Update 2024-04-14: I don’t use this method for storing links anymore because It was hard to maintain the files and I had to have complex way to load files with ids so I wrote another program to managing my links using Postgresql database! (Yeah I know…)
Update 2024-08-02: I’ve been using the
denote.el
package for the past two week or so, and I have to say that what
prot made here is more than just a package. it’s an idea of
organizing the files based on the file-names and I love it.
Background #
I’ve had the opportunity of working with various databases and data storage methods in the past, but for the past month, I’ve been using the markdown format to store different kinds of data and I can say that the markdown is the solution that I’ve been looking for: practical, easy-to-use and future proof.
I’ve used this method to store tasks, list of links (basically as a bookmark manager), list of books and movies, notes and more… And It’s been nothing but an exceptional experience, and it’s very flexible and I took advantage of this flexibility by writing different tools around it to get things done quickly.
Why I Chose Markdown Over Traditional Databases #
Databases are not future-proof due to their reliance on tooling and the server software itself. In contrast, human-readable formats are future-proof and portable as they doesn’t require any special software to using them. You can use your favorite text editor and there is no restriction.
The markdown format on the other hand is versatile and most
importantly simple and easy-to-parse, personally I use a simple
tool that I wrote for
serializing the different formats of data1
into json
plus some other POSIX utilities and
jq
to extract the fields that I need efficiently.
Using human-readable format also allows to use a version control system like git, which has a advantage of allowing us to collaborate and work on a single file by multiple people at the same time without issues.
No Schema’s? #
Dealing with complex data types, and schema for your data and migration is no easy task. Document based databases changed the whole idea of having schema by introducing dynamic data without strong typing or schema.
In case of yaml
, json
or
toml
serialization and deserialization most of the
libraries will ignore fields that are not defined in the expected
data structure, which means you can add arbitrary fields and it
won’t effect the data.
Take advantage of the file-system #
There is nothing wrong with storing data in multiple files, nowadays
computers are powerful and memory is cheap, and by utilizing system
calls such as mmap(2)
, we can load an entire file into
memory for efficient processing. Additionally, operating systems
provide caching and optimization features to further enhance
performance.
Loading files to the memory is possible due to the compact size of Markdown documents, typically under 1MB, and loading multiple files to the memory is fine due to the minimal resource requirements.

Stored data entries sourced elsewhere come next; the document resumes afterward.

text \<open>
  With such a nilpotent \<open>x\<close>, the element \<open>w = e + x\<close> is a zero divisor (\<open>wx = 0\<close>) with
  \<open>ew = e \<noteq> 0\<close>, so \<open>[w]\<close> must be the centre; but \<open>wf = x \<noteq> 0\<close> although \<open>f \<in> ann e\<close>.
\<close>
lemma nontrivial_idempotent_not_fan_centre:
  assumes e: "nontrivial_idempotent R e"
    and centre: "fan_centre (GammaE_vertices R) (GammaE_adj R) (ann_class R e)"
    and card: "card (GammaE_vertices R) \<ge> 4"
  shows False
proof -
  define f where "f = \<one> \<ominus> e"
  have ec: "e \<in> carrier R" "e \<otimes> e = e" "e \<noteq> \<zero>"
    using e by (auto simp: nontrivial_idempotent_def)
  have e_zd: "e \<in> nz_zero_divisors R" by (rule nontrivial_idempotent_nz_zero_divisor[OF e])
  have fc: "f \<in> carrier R" using ec by (simp add: f_def)
  have ef: "e \<otimes> f = \<zero>" using idempotent_complement_orthogonal[OF ec(1,2)] by (simp add: f_def)
  have "\<not> GammaE_vertices R \<subseteq> {ann_class R e, ann_class R f}"
  proof
    assume "GammaE_vertices R \<subseteq> {ann_class R e, ann_class R f}"
    then have "card (GammaE_vertices R) \<le> card {ann_class R e, ann_class R f}"
      by (rule card_mono[rotated]) simp
    also have "\<dots> \<le> 2" by (simp add: card_insert_if)
    finally show False using card by simp
  qed
  then obtain x where x: "x \<in> nz_zero_divisors R"
    and x_ne_e: "ann_class R x \<noteq> ann_class R e" and x_ne_f: "ann_class R x \<noteq> ann_class R f"
    unfolding GammaE_vertices_def by blast
  have xc: "x \<in> carrier R" "x \<noteq> \<zero>" using x nz_zero_divisorsD by auto
  have ex: "e \<otimes> x = \<zero>" using fan_centre_mult_zero[OF centre e_zd x x_ne_e] .
  have xx: "x \<otimes> x = \<zero>"
    using fan_centre_idempotent_square_zero[OF e centre x x_ne_e] x_ne_f by (simp add: f_def)
  define w where "w = e \<oplus> x"
  have wc: "w \<in> carrier R" using ec xc by (simp add: w_def)
  have ew: "e \<otimes> w = e" unfolding w_def using ec xc ex by (simp add: r_distr)
  have "w \<otimes> x = \<zero>" unfolding w_def using ec xc ex xx by (simp add: l_distr)
  moreover have "w \<noteq> \<zero>" using ew ec by auto
  ultimately have w: "w \<in> nz_zero_divisors R" using nz_zero_divisorsI[OF wc _ xc(1,2)] by simp
  show False
  proof (cases "ann_class R w = ann_class R e")
    case True
    then have "f \<in> ann R w" using ann_class_eq_iff wc ec ef fc by (auto simp: ann_mem_iff)
    moreover have "w \<otimes> f = x"
    proof -
      have "w \<otimes> f = e \<otimes> f \<oplus> (x \<ominus> e \<otimes> x)"
        unfolding w_def f_def using ec(1) xc(1) by algebra
      then show ?thesis using ef ex xc by (simp add: a_minus_def)
    qed
    ultimately show False using xc by (simp add: ann_mem_iff)
  next
    case False
    then show False using fan_centre_mult_zero[OF centre e_zd w] ew ec by simp
  qed
qed

lemma fan_centre_idempotent_or_complement:
  assumes centre: "fan_centre (GammaE_vertices R) (GammaE_adj R) c" and e: "nontrivial_idempotent R e"
  shows "c = ann_class R e \<or> c = ann_class R (\<one> \<ominus> e)"
proof (rule ccontr)
  assume leaves: "\<not> ?thesis"
  have f: "nontrivial_idempotent R (\<one> \<ominus> e)" by (rule nontrivial_idempotent_complement[OF e])
  have e_zd: "e \<in> nz_zero_divisors R" and f_zd: "\<one> \<ominus> e \<in> nz_zero_divisors R"
    using nontrivial_idempotent_nz_zero_divisor e f by auto
  have "e \<in> ann R (\<one> \<ominus> e)" "e \<notin> ann R e"
    using e f idempotent_complement_orthogonal[of e] m_comm
    by (auto simp: ann_mem_iff nontrivial_idempotent_def)
  then have "ann R e \<noteq> ann R (\<one> \<ominus> e)" by blast
  then have "GammaE_adj R (ann_class R e) (ann_class R (\<one> \<ominus> e))"
    using GammaE_adj_ann_class_iff[OF e_zd f_zd] idempotent_complement_orthogonal[of e] e
    by (simp add: nontrivial_idempotent_def)
  moreover have "\<not> GammaE_adj R (ann_class R e) (ann_class R (\<one> \<ominus> e))"
    using fan_centre_leaves_not_adj[OF centre ann_class_in_GammaE_vertices[OF e_zd]
        ann_class_in_GammaE_vertices[OF f_zd]] leaves by blast
  ultimately show False by contradiction
qed

end

theorem corollary2p5:
  fixes R :: "('a, 'm) ring_scheme"
  assumes "cring R"
    and "finite (carrier R)"
    and "fan_graph (GammaE_vertices R) (GammaE_adj R)"
    and "card (GammaE_vertices R) \<ge> 4"
  shows "local_ring R"
proof (rule ccontr)
  interpret cring R by fact
  assume "\<not> local_ring R"
  obtain c where centre: "fan_centre (GammaE_vertices R) (GammaE_adj R) c"
    using fan_graph_ex_centre[OF assms(3)] by blast
  then have "c \<in> GammaE_vertices R" by (rule fan_centre_in)
  then obtain z where "z \<in> nz_zero_divisors R" unfolding GammaE_vertices_def by blast
  then obtain e where e: "nontrivial_idempotent R e"
    using nontrivial_idempotent_if_not_local[OF assms(2) nz_zero_divisor_imp_one_neq_zero]
      \<open>\<not> local_ring R\<close> by blast
  note not_centre = nontrivial_idempotent_not_fan_centre[OF _ _ assms(4)]
  from fan_centre_idempotent_or_complement[OF centre e] show False
  proof
    assume "c = ann_class R e"
    with centre show False using not_centre[OF e] by blast
  next
    assume "c = ann_class R (\<one>\<^bsub>R\<^esub> \<ominus>\<^bsub>R\<^esub> e)"
    with centre show False using not_centre[OF nontrivial_idempotent_complement[OF e]] by blast
  qed
qed

end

why not just use something like json
?
#
That’s a good question, why not just use something like
json
, yaml
or toml
? Well, you
can! The reason that I chose to use markdown because I had tooling
around it to manage documents and I often use the body of the
document for taking small notes.
Since the data itself is basically serialized in these format there no difference between the two. And to be honest using these formats directly is a better since you don’t have to parse the front-matter anymore and you just try to serialize the whole file.
Other Links and Tools #
I’ve wrote a simple tool called
frontmatter
for extracting the content and the front-matter and the content of a
markdown file.
There is also the popular markdown editor tool obsidian, and with the help of the data-view plugin you can easily query your data with a SQL like syntax. I’ve used obsidian in the past, it’s a great tool but It has many features that I don’t ever plan to use so I just stick with a simple text editor and command-line tools to get things done.
Wrapping things up #
I want to emphasize that I’m not trying to convince you to use this method, and honestly, I don’t really care if you do. Instead, I just wanted to exploring new ways of managing data and share my thoughts about it so you can build your system that you’re comfortable with on top of it. At the end of the day what matters most is to get things done and enjoy the process.
-
The “standard” front-matter format is
yaml
, which was first used in thejekyll
static site generator. But nowadays you can serialize data in different formats such asjson
andtoml
(only difference is the front-matter delimiter). ↩︎